Can't improve textcat model performance

I have a text classification model that I've trained on sentences. The model is binary, with the label either present or not. I've got about 1750 annotated sentences in two datasets, although a lot of those are 'ignores' and only 722 are used in training. I can't seem to get the accuracy of the model past 0.75; train-test curve shows accuracy dropping in the last stage. Is there anything else I should be looking at to improve the performance of the model? Loss is pretty close to 0 at the conclusion of 10 iterations of training.

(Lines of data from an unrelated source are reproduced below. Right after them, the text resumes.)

lemma is_decomposition_add:
  assumes "is_decomposition f P1 R1" "is_decomposition g P2 R2"
  shows "is_decomposition (\<lambda>t. f t + g t) (\<lambda>\<beta>. P1 \<beta> + P2 \<beta>) (\<lambda>\<beta>. R1 \<beta> + R2 \<beta>)"
proof -
  have "{\<beta>. P1 \<beta> + P2 \<beta> \<noteq> 0} \<subseteq> {\<beta>. P1 \<beta> \<noteq> 0} \<union> {\<beta>. P2 \<beta> \<noteq> 0}"
    "{\<beta>. R1 \<beta> + R2 \<beta> \<noteq> 0} \<subseteq> {\<beta>. R1 \<beta> \<noteq> 0} \<union> {\<beta>. R2 \<beta> \<noteq> 0}"
    by auto
  then show ?thesis
    using assms unfolding is_decomposition_def
    by (auto simp: monsum_add add_divide_distrib intro: finite_subset)
qed

lemma is_decomposition_scale:
  assumes "is_decomposition f P R"
  shows "is_decomposition (\<lambda>t. of_int c * f t) (\<lambda>\<beta>. c * P \<beta>) (\<lambda>\<beta>. c * R \<beta>)"
proof -
  have "{\<beta>. c * P \<beta> \<noteq> 0} \<subseteq> {\<beta>. P \<beta> \<noteq> 0}" "{\<beta>. c * R \<beta> \<noteq> 0} \<subseteq> {\<beta>. R \<beta> \<noteq> 0}"
    by auto
  then show ?thesis
    using assms unfolding is_decomposition_def
    by (auto simp: monsum_scale distrib_left intro: finite_subset)
qed

lemma decomposable_cong:
  "decomposable f \<Longrightarrow> (\<And>t. t \<in> nodebox N \<Longrightarrow> f t = g t) \<Longrightarrow> decomposable g"
  unfolding decomposable_def is_decomposition_def by simp

lemma decomposable_add: "decomposable f \<Longrightarrow> decomposable g \<Longrightarrow> decomposable (\<lambda>t. f t + g t)"
  unfolding decomposable_def by (blast intro: is_decomposition_add)

lemma decomposable_scale: "decomposable f \<Longrightarrow> decomposable (\<lambda>t. of_int c * f t)"
  unfolding decomposable_def by (blast intro: is_decomposition_scale)

lemma decomposable_sum:
  "finite L \<Longrightarrow> (\<And>l. l \<in> L \<Longrightarrow> decomposable (f l)) \<Longrightarrow> decomposable (\<lambda>t. \<Sum>l\<in>L. of_int (c l) * f l t)"
proof (induction L rule: finite_induct)
  case empty
  have "is_decomposition (\<lambda>t. 0) (\<lambda>_. 0) (\<lambda>_. 0)"
    unfolding is_decomposition_def monsum_def by simp
  then show ?case
    unfolding decomposable_def by auto
next
  case (insert l L)
  then show ?case
    by (simp add: decomposable_add decomposable_scale)
qed

lemma decomposable_monomial:
  assumes "supported N \<beta>" "\<not> (\<forall>n\<in>N. \<beta> n < 0)"
  shows "decomposable (\<lambda>t. monN N t \<beta>)"
proof -
  have "is_decomposition (\<lambda>t. monN N t \<beta>) (\<lambda>\<gamma>. if \<gamma> = \<beta> then 1 else 0) (\<lambda>_. 0)"
    using assms unfolding is_decomposition_def by (simp add: monsum_single monsum_def)
  then show ?thesis
    unfolding decomposable_def by blast
qed

lemma decomposable_proper_fraction:
  assumes "supported N \<beta>" "\<forall>n\<in>N. \<beta> n < asum N n"
  shows "decomposable (\<lambda>t. monN N t \<beta> / denom t)"
proof -
  have "is_decomposition (\<lambda>t. monN N t \<beta> / denom t) (\<lambda>_. 0) (\<lambda>\<gamma>. if \<gamma> = \<beta> then 1 else 0)"
    using assms unfolding is_decomposition_def by (simp add: monsum_single monsum_def)
  then show ?thesis
    unfolding decomposable_def by blast
qed

(* Multiply t^(gamma - asum N) by the expanded denominator: its term S = N gives back t^gamma. *)
lemma fraction_reduction:
  fixes \<gamma> :: "'v \<Rightarrow> rat"
  assumes t: "t \<in> nodebox N"
  defines "\<gamma>0 \<equiv> \<lambda>v. \<gamma> v - asum N v"
  shows "monN N t \<gamma> / denom t = of_int ((-1) ^ card N) * monN N t \<gamma>0
    + (\<Sum>S\<in>Pow N - {N}. of_int (- ((-1) ^ (card N + card S))) * (monN N t (\<lambda>v. \<gamma>0 v + asum S v) / denom t))"
proof -
  let ?rest = "\<Sum>S\<in>Pow N - {N}. (-1) ^ card S * monN N t (\<lambda>v. \<gamma>0 v + asum S v)"
  have "monN N t \<gamma>0 * denom t = (\<Sum>S\<in>Pow N. (-1) ^ card S * monN N t (\<lambda>v. \<gamma>0 v + asum S v))"
    by (simp add: denom_expansion[OF t] sum_distrib_left monN_add mult_ac)
  also have "\<dots> = (-1) ^ card N * monN N t \<gamma> + ?rest"
    using finite_N by (simp add: sum.remove[of "Pow N" N] \<gamma>0_def)
  finally have "monN N t \<gamma> = (-1) ^ card N * (monN N t \<gamma>0 * denom t - ?rest)"
    by (simp add: algebra_simps flip: power_add)
  then show ?thesis
    using denom_pos[OF t]
    by (simp add: field_simps sum_divide_distrib sum_distrib_left power_add sum_negf)
qed

(* Each application of fraction_reduction lowers every coordinate of the exponent by at least
   delta, so induction on the number of steps k needed to get below asum N terminates. *)
lemma decomposable_fraction_bounded:
  assumes \<delta>: "0 < \<delta>" "\<And>n m. n \<in> N \<Longrightarrow> m \<in> N \<Longrightarrow> \<delta> \<le> a n m"
  shows "supported N \<gamma> \<Longrightarrow> \<forall>m\<in>N. \<gamma> m - asum N m < of_nat k * \<delta>
    \<Longrightarrow> decomposable (\<lambda>t. monN N t \<gamma> / denom t)"
proof (induction k arbitrary: \<gamma>)
  case 0
  then show ?case
    by (intro decomposable_proper_fraction) auto
next
  case (Suc k)
  show ?case
  proof (cases "\<forall>m\<in>N. \<gamma> m < asum N m")
    case True
    then show ?thesis
      using Suc.prems(1) by (rule decomposable_proper_fraction[rotated])
  next
    case False
    define \<gamma>0 where "\<gamma>0 = (\<lambda>v. \<gamma> v - asum N v)"
    have supp0: "supported N \<gamma>0"
      using Suc.prems(1) supported_asum[of N] unfolding supported_def \<gamma>0_def by simp
    have "decomposable (\<lambda>t. monN N t \<gamma>0)"
      using False supp0 by (intro decomposable_monomial) (auto simp: \<gamma>0_def)
    moreover have "decomposable (\<lambda>t. monN N t (\<lambda>v. \<gamma>0 v + asum S v) / denom t)"
      if S: "S \<in> Pow N - {N}" for S
    proof (rule Suc.IH)
      show "supported N (\<lambda>v. \<gamma>0 v + asum S v)"
        using supp0 supported_asum[of S] unfolding supported_def by simp
      obtain n where n: "n \<in> N - S"
        using S by blast
      show "\<forall>m\<in>N. \<gamma>0 m + asum S m - asum N m < of_nat k * \<delta>"
      proof
        fix m assume m: "m \<in> N"
        have "\<delta> \<le> asum N m - asum S m"
          using \<delta>(2)[of n m] asum_gap[of S n m] S n m by auto
        then show "\<gamma>0 m + asum S m - asum N m < of_nat k * \<delta>"
          using Suc.prems(2) m by (auto simp: \<gamma>0_def algebra_simps)
      qed
    qed
    ultimately have "decomposable (\<lambda>t. of_int ((-1) ^ card N) * monN N t \<gamma>0
      + (\<Sum>S\<in>Pow N - {N}. of_int (- ((-1) ^ (card N + card S)))
          * (monN N t (\<lambda>v. \<gamma>0 v + asum S v) / denom t)))"
      using finite_N by (intro decomposable_add decomposable_scale decomposable_sum) auto
    then show ?thesis
      by (rule decomposable_cong) (simp add: fraction_reduction \<gamma>0_def)
  qed
qed

lemma decomposable_fraction: "decomposable (\<lambda>t. monN N t \<gamma> / denom t)"
proof -
  define \<gamma>' where "\<gamma>' = (\<lambda>v. if v \<in> N then \<gamma> v else 0)"
  define \<delta> where "\<delta> = Min (insert 1 ((\<lambda>(n, m). a n m) ` (N \<times> N)))"
  have \<delta>: "0 < \<delta>" "\<And>n m. n \<in> N \<Longrightarrow> m \<in> N \<Longrightarrow> \<delta> \<le> a n m"
    unfolding \<delta>_def using finite_N a_pos by (auto simp: Min_gr_iff intro!: Min_le)
  obtain k :: nat where "Max (insert 0 ((\<lambda>m. \<gamma>' m - asum N m) ` N)) < of_nat k * \<delta>"
    using ex_less_of_nat_mult[OF \<delta>(1)] by blast
  then have "\<forall>m\<in>N. \<gamma>' m - asum N m < of_nat k * \<delta>"
    using finite_N by (auto simp: Max_less_iff)
  moreover have "supported N \<gamma>'"
    unfolding supported_def \<gamma>'_def by simp
  ultimately have "decomposable (\<lambda>t. monN N t \<gamma>' / denom t)"
    using decomposable_fraction_bounded[OF \<delta>] by blast
  then show ?thesis
    by (rule decomposable_cong) (simp add: \<gamma>'_def cong: monN_cong)
qed

lemma decomposable_quotient:
  assumes "finite {l. b l \<noteq> 0}"
  shows "decomposable (\<lambda>t. monN N t r * (\<Sum>l\<in>{l. b l \<noteq> 0}. of_int (b l) * monN N t l) / denom t)"
proof -
  have "decomposable (\<lambda>t. \<Sum>l\<in>{l. b l \<noteq> 0}. of_int (b l) * (monN N t (\<lambda>v. r v + l v) / denom t))"
    using assms by (intro decomposable_sum decomposable_fraction)
  then show ?thesis
    by (rule decomposable_cong) (simp add: monN_add sum_distrib_left sum_divide_distrib mult_ac)
qed

lemma zero_decomposition_identity:
  assumes d: "is_decomposition (\<lambda>_. 0) P R" and t: "t \<in> nodebox N"
  shows "(\<Sum>i\<in>{\<beta>. P \<beta> \<noteq> 0} \<times> Pow N.
            of_int (P (fst i) * (-1) ^ card (snd i)) * monN N t (\<lambda>v. fst i v + asum (snd i) v))
       = (\<Sum>\<gamma>\<in>{\<gamma>. R \<gamma> \<noteq> 0}. of_int (- R \<gamma>) * monN N t \<gamma>)"
proof -
  have "monsum N P t * denom t = - monsum N R t"
    using d t denom_pos[OF t] unfolding is_decomposition_def by (auto simp: field_simps)
  moreover have "monsum N P t * denom t
      = (\<Sum>i\<in>{\<beta>. P \<beta> \<noteq> 0} \<times> Pow N.
            of_int (P (fst i) * (-1) ^ card (snd i)) * monN N t (\<lambda>v. fst i v + asum (snd i) v))"
    unfolding monsum_def denom_expansion[OF t] sum_product sum.cartesian_product
    by (intro sum.cong) (auto simp: monN_add)
  ultimately show ?thesis
    unfolding monsum_def by (simp add: sum_negf)
qed

lemma leading_exponent_unique:
  assumes m: "m \<in> N" and "\<beta>0 \<in> F" and top: "\<And>\<beta>. \<beta> \<in> F \<Longrightarrow> \<beta> m \<le> \<beta>0 m"
    and supp: "\<And>\<beta>. \<beta> \<in> F \<Longrightarrow> supported N \<beta>"
  shows "{i \<in> F \<times> Pow N. \<forall>n\<in>N. fst i n + asum (snd i) n = \<beta>0 n + asum N n} = {(\<beta>0, N)}"
proof (intro equalityI subsetI)
  fix i assume i: "i \<in> {i \<in> F \<times> Pow N. \<forall>n\<in>N. fst i n + asum (snd i) n = \<beta>0 n + asum N n}"
  obtain \<beta> S where i_eq: "i = (\<beta>, S)"
    by (cases i)
  have "S = N"
  proof (rule ccontr)
    assume "S \<noteq> N"
    then obtain n where n: "n \<in> N - S"
      using i i_eq by auto
    have "a n m \<le> asum N m - asum S m"
      using asum_gap[OF _ n m] i i_eq by auto
    moreover have "0 < a n m"
      using a_pos n m by simp
    moreover have "\<beta> m \<le> \<beta>0 m"
      using top i i_eq by auto
    ultimately have "\<beta> m + asum S m < \<beta>0 m + asum N m"
      by linarith
    then show False
      using i i_eq m by auto
  qed
  moreover have "\<beta> = \<beta>0"
    using supp i i_eq \<open>\<beta>0 \<in> F\<close> \<open>S = N\<close> by (intro supported_eqI) auto
  ultimately show "i \<in> {(\<beta>0, N)}"
    using i_eq by simp
qed (use \<open>\<beta>0 \<in> F\<close> in auto)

Hi! It's always difficult to give a definitive answer because there could be many explanations. But here are a few questions and ideas to help you debug:

  • Which versions of Prodigy and spaCy are you running?
  • Are you using a dedicated evaluation set, or are you using the default evaluation split that just holds back a certain percentage? If you don't have a separate evaluation set, it's possible that your evaluation is unstable because you're always taking a random 20% of the already small set of 722 training examples. Maybe this random split just happens to give you an unideal selection of the data.
  • If your loss hits 0 after the 10 iterations, this indicates that your model might be overfitting on the data.
  • How were your annotations created, and are they internally consistent? Is the distinction you're trying to train something the model can learn?

Thanks for the reply!

  1. Using spacy 2.2.4 and prodigy 1.9.9
  2. I have a dedicated evaluation set
  3. I created the annotations myself, based on a self-written spec, so this is the part that most worries me. If I set the threshold to a high level, the model identifies things pretty reliably but the recall at that point is pretty poor, it would be letting lots of things get by.